Automakers sold 698,300 light vehicles in the U.S. last month, up from a very weak 657,000 units in January 2009, according to Autodata Corp.
Sales reached an annual rate of 10.78 million units in January, compared with a rate of 11.25 million in December and 9.62 million a year earlier, the research firm says.
Last month’s sales increase was paced by gains of 24% at Ford, 16% at Nissan and 15% at General Motors. Analysts say higher sales to commercial fleets, including car rental companies, contributed to the higher volume. Fleet sales more than tripled at GM and soared 154% at Ford from unusually low levels in January 2009.
Toyota Motors’ sales dropped 16% to the lowest volume for any month since 1999. The company estimates it lost 20,000 units of sales late in the month after it recalled 2.3 million vehicles and halted sales of the eight affected models.

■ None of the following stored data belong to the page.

(* Let $G$ be a graph and $S\subseteq V(G)$. Then $S$ is a minimal zero forcing set of $G$ if and only if $S$ is a maximal ZIr-set of $G$ and $S\cap F\neq\emptyset$ for every fort $F$ of $G$.
   Context: Graphs are simple, finite, undirected, with nonempty vertex set; $N(v)$ is the open neighborhood. Zero forcing: starting from a set of blue vertices, a blue vertex $u$ changes a white vertex $w$ to blue if $w$ is the only white neighbor of $u$; $B$ is a zero forcing set if eventually all vertices are blue; a minimal zero forcing set is one with no proper subset that is a zero forcing set. A nonempty $F\subseteq V(G)$ is a fort if every $v\in V(G)\setminus F$ satisfies $|N(v)\cap F|\ne 1$. For $S\subseteq V(G)$ and $x\in S$, a private fort of $x$ (relative to $S$) is a fort $F$ with $S\cap F=\{x\}$. $S$ is a ZIr-set if every element of $S$ has a private fort relative to $S$; a maximal ZIr-set is a ZIr-set not properly contained in another ZIr-set. *)

theory Defs
  imports Main
begin

definition graph :: "'a set \<Rightarrow> ('a \<Rightarrow> 'a \<Rightarrow> bool) \<Rightarrow> bool" where
  "graph V E \<longleftrightarrow> finite V \<and> V \<noteq> {} \<and>
     (\<forall>u v. E u v \<longrightarrow> u \<in> V \<and> v \<in> V) \<and>
     (\<forall>u v. E u v \<longrightarrow> E v u) \<and> (\<forall>v. \<not> E v v)"

definition nbhd :: "'a set \<Rightarrow> ('a \<Rightarrow> 'a \<Rightarrow> bool) \<Rightarrow> 'a \<Rightarrow> 'a set" where
  "nbhd V E v = {u \<in> V. E v u}"

text \<open>One application of the color change rule: blue u forces its unique white neighbor w.\<close>
definition force_step :: "'a set \<Rightarrow> ('a \<Rightarrow> 'a \<Rightarrow> bool) \<Rightarrow> 'a set \<Rightarrow> 'a set \<Rightarrow> bool" where
  "force_step V E B B' \<longleftrightarrow>
     (\<exists>u w. u \<in> B \<and> w \<in> V - B \<and> nbhd V E u - B = {w} \<and> B' = insert w B)"

definition zero_forcing_set :: "'a set \<Rightarrow> ('a \<Rightarrow> 'a \<Rightarrow> bool) \<Rightarrow> 'a set \<Rightarrow> bool" where
  "zero_forcing_set V E B \<longleftrightarrow> B \<subseteq> V \<and> (force_step V E)\<^sup>*\<^sup>* B V"

definition minimal_zero_forcing_set :: "'a set \<Rightarrow> ('a \<Rightarrow> 'a \<Rightarrow> bool) \<Rightarrow> 'a set \<Rightarrow> bool" where
  "minimal_zero_forcing_set V E S \<longleftrightarrow>
     zero_forcing_set V E S \<and> (\<forall>T. T \<subset> S \<longrightarrow> \<not> zero_forcing_set V E T)"

definition fort :: "'a set \<Rightarrow> ('a \<Rightarrow> 'a \<Rightarrow> bool) \<Rightarrow> 'a set \<Rightarrow> bool" where
  "fort V E F \<longleftrightarrow> F \<noteq> {} \<and> F \<subseteq> V \<and>
     (\<forall>v \<in> V - F. card (nbhd V E v \<inter> F) \<noteq> 1)"

definition private_fort :: "'a set \<Rightarrow> ('a \<Rightarrow> 'a \<Rightarrow> bool) \<Rightarrow> 'a set \<Rightarrow> 'a \<Rightarrow> 'a set \<Rightarrow> bool" where
  "private_fort V E S x F \<longleftrightarrow> fort V E F \<and> S \<inter> F = {x}"

definition ZIr_set :: "'a set \<Rightarrow> ('a \<Rightarrow> 'a \<Rightarrow> bool) \<Rightarrow> 'a set \<Rightarrow> bool" where
  "ZIr_set V E S \<longleftrightarrow> S \<subseteq> V \<and> (\<forall>x \<in> S. \<exists>F. private_fort V E S x F)"

definition maximal_ZIr_set :: "'a set \<Rightarrow> ('a \<Rightarrow> 'a \<Rightarrow> bool) \<Rightarrow> 'a set \<Rightarrow> bool" where
  "maximal_ZIr_set V E S \<longleftrightarrow>
     ZIr_set V E S \<and> (\<forall>T. S \<subset> T \<longrightarrow> \<not> ZIr_set V E T)"

end

theory Submission
  imports Defs
begin

text \<open>A vertex set is zero forcing iff it meets every fort: a blue set disjoint from a fort F
  can never force a vertex of F, as the forcing vertex would have exactly one neighbour in F; and
  once forcing stalls, the white vertices form a fort. Hence S is a minimal zero forcing set iff it
  meets every fort while each S - {x} misses one, i.e. every x \<in> S has a private fort. Maximality
  among ZIr-sets is then automatic: a private fort of a vertex added to S would miss S.\<close>

lemma force_step_subset: "force_step V E B B' \<Longrightarrow> B \<subseteq> V \<Longrightarrow> B' \<subseteq> V"
  unfolding force_step_def by blast

lemma force_steps_subset: "(force_step V E)\<^sup>*\<^sup>* B C \<Longrightarrow> B \<subseteq> V \<Longrightarrow> C \<subseteq> V"
  by (induction rule: rtranclp_induct) (auto dest: force_step_subset)

lemma force_steps_mono: "(force_step V E)\<^sup>*\<^sup>* B C \<Longrightarrow> B \<subseteq> C"
  by (induction rule: rtranclp_induct) (auto simp: force_step_def)

lemma force_step_disjoint_fort:
  assumes step: "force_step V E B B'" and disj: "B \<inter> F = {}"
    and F: "fort V E F" and BV: "B \<subseteq> V"
  shows "B' \<inter> F = {}"
proof (rule ccontr)
  obtain u w where u: "u \<in> B" "nbhd V E u - B = {w}" "B' = insert w B"
    using step unfolding force_step_def by blast
  assume "B' \<inter> F \<noteq> {}"
  with u disj have "nbhd V E u \<inter> F = {w}" by blast
  then have "card (nbhd V E u \<inter> F) = 1" by simp
  moreover have "u \<in> V - F" using u BV disj by blast
  ultimately show False using F unfolding fort_def by blast
qed

lemma force_steps_disjoint_fort:
  assumes "(force_step V E)\<^sup>*\<^sup>* B C" "B \<inter> F = {}" "fort V E F" "B \<subseteq> V"
  shows "C \<inter> F = {}"
  using assms(1)
proof (induction rule: rtranclp_induct)
  case (step C C')
  then show ?case
    using force_step_disjoint_fort force_steps_subset assms(2-4) by metis
qed (use assms in simp)

lemma zero_forcing_set_meets_fort:
  assumes "zero_forcing_set V E B" "fort V E F"
  shows "B \<inter> F \<noteq> {}"
proof
  assume "B \<inter> F = {}"
  with assms have "V \<inter> F = {}"
    using force_steps_disjoint_fort unfolding zero_forcing_set_def by blast
  then show False using assms(2) unfolding fort_def by blast
qed

lemma stalled_complement_fort:
  assumes CV: "C \<subseteq> V" "C \<noteq> V" and stalled: "\<And>C'. \<not> force_step V E C C'"
  shows "fort V E (V - C)"
  unfolding fort_def
proof (intro conjI ballI)
  show "V - C \<noteq> {}" "V - C \<subseteq> V" using CV by blast+
  fix v assume v: "v \<in> V - (V - C)"
  show "card (nbhd V E v \<inter> (V - C)) \<noteq> 1"
  proof
    assume "card (nbhd V E v \<inter> (V - C)) = 1"
    then obtain w where "nbhd V E v \<inter> (V - C) = {w}" by (auto simp: card_Suc_eq)
    moreover have "nbhd V E v - C = nbhd V E v \<inter> (V - C)" unfolding nbhd_def by blast
    ultimately have "force_step V E C (insert w C)"
      unfolding force_step_def using v by blast
    then show False using stalled by blast
  qed
qed

lemma meets_all_forts_imp_zero_forcing_set:
  assumes fin: "finite V" and BV: "B \<subseteq> V" and meets: "\<And>F. fort V E F \<Longrightarrow> B \<inter> F \<noteq> {}"
  shows "zero_forcing_set V E B"
proof -
  let ?reach = "(force_step V E)\<^sup>*\<^sup>* B"
  have "\<forall>C. ?reach C \<longrightarrow> card C < Suc (card V)"
    using force_steps_subset[OF _ BV] card_mono[OF fin] by (simp add: le_imp_less_Suc)
  then obtain C where C: "?reach C" and greatest: "\<And>C'. ?reach C' \<Longrightarrow> card C' \<le> card C"
    using Lattices_Big.ex_has_greatest_nat[of ?reach B card] by blast
  have CV: "C \<subseteq> V" using force_steps_subset[OF C BV] .
  have stalled: "\<not> force_step V E C C'" for C'
  proof
    assume step: "force_step V E C C'"
    then obtain w where "w \<in> V - C" "C' = insert w C" unfolding force_step_def by blast
    then have "card C' = Suc (card C)" using CV fin by (simp add: finite_subset)
    moreover have "card C' \<le> card C" using greatest C step by (meson rtranclp.rtrancl_into_rtrancl)
    ultimately show False by simp
  qed
  have "C = V"
  proof (rule ccontr)
    assume "C \<noteq> V"
    then have "B \<inter> (V - C) \<noteq> {}" using meets stalled_complement_fort CV stalled by blast
    then show False using force_steps_mono[OF C] by blast
  qed
  then show ?thesis using C BV unfolding zero_forcing_set_def by simp
qed

lemma zero_forcing_set_iff_meets_all_forts:
  assumes "finite V" "B \<subseteq> V"
  shows "zero_forcing_set V E B \<longleftrightarrow> (\<forall>F. fort V E F \<longrightarrow> B \<inter> F \<noteq> {})"
  using meets_all_forts_imp_zero_forcing_set[OF assms] zero_forcing_set_meets_fort by blast

lemma private_fort_disjoint:
  "private_fort V E S x F \<Longrightarrow> T \<subseteq> S - {x} \<Longrightarrow> T \<inter> F = {}"
  unfolding private_fort_def by blast

lemma ZIr_set_maximal_if_meets_all_forts:
  assumes "ZIr_set V E S" and meets: "\<forall>F. fort V E F \<longrightarrow> S \<inter> F \<noteq> {}"
  shows "maximal_ZIr_set V E S"
  unfolding maximal_ZIr_set_def
proof (intro conjI allI impI notI)
  fix T assume "S \<subset> T" "ZIr_set V E T"
  then obtain y F where "y \<in> T - S" and F: "private_fort V E T y F"
    unfolding ZIr_set_def by blast
  then have "S \<inter> F = {}"
    by (intro private_fort_disjoint[OF F]) (use \<open>S \<subset> T\<close> in blast)
  then show False using meets F unfolding private_fort_def by blast
qed (fact assms(1))

lemma minimal_zero_forcing_set_iff_ZIr_set_meets_all_forts:
  assumes fin: "finite V" and SV: "S \<subseteq> V"
  shows "minimal_zero_forcing_set V E S \<longleftrightarrow>
           ZIr_set V E S \<and> (\<forall>F. fort V E F \<longrightarrow> S \<inter> F \<noteq> {})"
proof
  assume min: "minimal_zero_forcing_set V E S"
  then have meets: "\<forall>F. fort V E F \<longrightarrow> S \<inter> F \<noteq> {}"
    using zero_forcing_set_meets_fort[of V E S] unfolding minimal_zero_forcing_set_def by blast
  have "\<exists>F. private_fort V E S x F" if "x \<in> S" for x
  proof -
    have "\<not> zero_forcing_set V E (S - {x})"
      using min that unfolding minimal_zero_forcing_set_def by blast
    then obtain F where "fort V E F" "(S - {x}) \<inter> F = {}"
      using zero_forcing_set_iff_meets_all_forts[OF fin, of "S - {x}" E] SV by blast
    with meets that show ?thesis unfolding private_fort_def by blast
  qed
  with SV meets show "ZIr_set V E S \<and> (\<forall>F. fort V E F \<longrightarrow> S \<inter> F \<noteq> {})"
    unfolding ZIr_set_def by blast
next
  assume ZIr_meets: "ZIr_set V E S \<and> (\<forall>F. fort V E F \<longrightarrow> S \<inter> F \<noteq> {})"
  have "\<not> zero_forcing_set V E T" if "T \<subset> S" for T
  proof
    assume "zero_forcing_set V E T"
    obtain x F where "x \<in> S - T" and F: "private_fort V E S x F"
      using \<open>T \<subset> S\<close> ZIr_meets unfolding ZIr_set_def by blast
    then have "T \<inter> F = {}"
      by (intro private_fort_disjoint[OF F]) (use \<open>T \<subset> S\<close> in blast)
    then show False
      using zero_forcing_set_meets_fort \<open>zero_forcing_set V E T\<close> F
      unfolding private_fort_def by blast
  qed
  moreover have "zero_forcing_set V E S"
    using meets_all_forts_imp_zero_forcing_set fin SV ZIr_meets by blast
  ultimately show "minimal_zero_forcing_set V E S"
    unfolding minimal_zero_forcing_set_def by blast
qed

theorem proposition2p2:
  fixes V :: "'a set" and E :: "'a \<Rightarrow> 'a \<Rightarrow> bool" and S :: "'a set"
  assumes "graph V E" and "S \<subseteq> V"
  shows "minimal_zero_forcing_set V E S \<longleftrightarrow>
           (maximal_ZIr_set V E S \<and> (\<forall>F. fort V E F \<longrightarrow> S \<inter> F \<noteq> {}))"
proof -
  have "finite V" using assms(1) unfolding graph_def by blast
  then show ?thesis
    using minimal_zero_forcing_set_iff_ZIr_set_meets_all_forts[OF _ assms(2)]
      ZIr_set_maximal_if_meets_all_forts
    unfolding maximal_ZIr_set_def by blast
qed

end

Domestic brand sales increased 13% year over year, as the gains at Ford and GM offset Chrysler’s 8% decline. Chrysler fell to sixth place in sales behind (in descending order) GM, Ford, Toyota, Honda and Nissan. Market share for the domestic brands jumped 2.6 points from a year earlier to 45.1%.
Demand for Asian brands slipped 2%, as Toyota’s decline and a 5% drop at Honda more than offset increases of 24% at Hyundai and 28% at Subaru. Kia sales, which posted big gains last year, were flat in January. Asian brands lost nearly four points of share to 45.7%.
European brands recorded a 23% increase, thanks to gains at premium and luxury brands, including Volvo (+42%), Mercedes-Benz (+41%) and Audi (38%). BMW demand grew 8%. Volkswagen sales jumped 43% as demand surged for the Jetta compact car. European brands hiked their market share to 9.2% from 8%.
Passenger car volume increased 15%, while truck demand slipped 2%. Car demand was strongest in the midsize (+23%) and large (+25%) segments. Minivans sales dropped 25%, and pickup truck volume declined 9%. Demand for SUV dropped, except in the luxury segment, which posted a 20% increase.